→ Goal of the exercise
Your answer must be an exact copy of all the entries.
** Stored data follows **
(* Let $(S,\mu)$ be a complete positive measure space and let $X$ be a Banach space whose norm is Fréchet differentiable. A non-zero element $f\in L^1(\mu,X)$ is a smooth point of $L^1(\mu,X)$ if $f(s)\neq 0$ for $\mu$-almost every $s\in S$. Conversely, if in addition $\mu$ is $\sigma$-finite and a non-zero $f\in L^1(\mu,X)$ is a smooth point of $L^1(\mu,X)$, then $f(s)\neq 0$ for $\mu$-almost every $s\in S$.
   Context: $L^1(\mu,X)$ is the Lebesgue–Bochner space of (classes of a.e. equal) strongly measurable $f:S\to X$ with $\int_S\|f(s)\|\,d\mu(s)<\infty$, normed by $\|f\|=\int_S\|f(s)\|\,d\mu(s)$. For a non-zero $x$ in a normed space $Y$, a support map at $x$ is a norm-one bounded linear functional $F$ on $Y$ with $F(x)=\|x\|$; $x$ is smooth if the support map at $x$ is unique. The norm of $X$ is Fréchet differentiable if for every non-zero $x\in X$ there is $\varphi\in X^*$ with $\lim_{h\to0}\big|\|x+h\|-\|x\|-\varphi(h)\big|/\|h\|=0$. *)

theory Defs
  imports "HOL-Analysis.Analysis"
begin

text \<open>A (semi)normed function space is given by a carrier V (a real linear subspace of
  the functions 's => 'x, operations pointwise) together with a seminorm N.  For L^1 the carrier is the set of
  Bochner integrable functions and N f is the integral of the pointwise norm; the quotient by
  a.e. equality is handled implicitly, since bounded functionals cannot distinguish
  functions at distance zero.\<close>

text \<open>We do
  not use the library's Bochner integral since it requires X to be second countable
  (separable), whereas X here is an arbitrary Banach space.\<close>
definition strongly_measurable :: "'s measure \<Rightarrow> ('s \<Rightarrow> 'x::real_normed_vector) \<Rightarrow> bool" where
  "strongly_measurable M f \<longleftrightarrow>
     (\<exists>u :: nat \<Rightarrow> 's \<Rightarrow> 'x. (\<forall>n. simple_function M (u n)) \<and>
        (AE s in M. (\<lambda>n. u n s) \<longlonglongrightarrow> f s))"

definition L1 :: "'s measure \<Rightarrow> ('s \<Rightarrow> 'x::real_normed_vector) set" where
  "L1 M = {f. strongly_measurable M f \<and> (\<integral>\<^sup>+ s. ennreal (norm (f s)) \<partial>M) < \<infinity>}"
** End of Stored data **
→ Exercise response
(* Let $(S,\mu)$ be a complete positive measure space and let $X$ be a Banach space whose norm is Fréchet differentiable. A non-zero element $f\in L^1(\mu,X)$ is a smooth point of $L^1(\mu,X)$ if $f(s)\neq 0$ for $\mu$-almost every $s\in S$. Conversely, if in addition $\mu$ is $\sigma$-finite and a non-zero $f\in L^1(\mu,X)$ is a smooth point of $L^1(\mu,X)$, then $f(s)\neq 0$ for $\mu$-almost every $s\in S$.
   Context: $L^1(\mu,X)$ is the Lebesgue–Bochner space of (classes of a.e. equal) strongly measurable $f:S\to X$ with $\int_S\|f(s)\|\,d\mu(s)<\infty$, normed by $\|f\|=\int_S\|f(s)\|\,d\mu(s)$. For a non-zero $x$ in a normed space $Y$, a support map at $x$ is a norm-one bounded linear functional $F$ on $Y$ with $F(x)=\|x\|$; $x$ is smooth if the support map at $x$ is unique. The norm of $X$ is Fréchet differentiable if for every non-zero $x\in X$ there is $\varphi\in X^*$ with $\lim_{h\to0}\big|\|x+h\|-\|x\|-\varphi(h)\big|/\|h\|=0$. *)

theory Defs
  imports "HOL-Analysis.Analysis"
begin

text \<open>A (semi)normed function space is given by a carrier V (a real linear subspace of
  the functions 's => 'x, operations pointwise) together with a seminorm N.  For L^1 the carrier is the set of
  Bochner integrable functions and N f is the integral of the pointwise norm; the quotient by
  a.e. equality is handled implicitly, since bounded functionals cannot distinguish
  functions at distance zero.\<close>

text \<open>We do
  not use the library's Bochner integral since it requires X to be second countable
  (separable), whereas X here is an arbitrary Banach space.\<close>
definition strongly_measurable :: "'s measure \<Rightarrow> ('s \<Rightarrow> 'x::real_normed_vector) \<Rightarrow> bool" where
  "strongly_measurable M f \<longleftrightarrow>
     (\<exists>u :: nat \<Rightarrow> 's \<Rightarrow> 'x. (\<forall>n. simple_function M (u n)) \<and>
        (AE s in M. (\<lambda>n. u n s) \<longlonglongrightarrow> f s))"

definition L1 :: "'s measure \<Rightarrow> ('s \<Rightarrow> 'x::real_normed_vector) set" where
  "L1 M = {f. strongly_measurable M f \<and> (\<integral>\<^sup>+ s. ennreal (norm (f s)) \<partial>M) < \<infinity>}"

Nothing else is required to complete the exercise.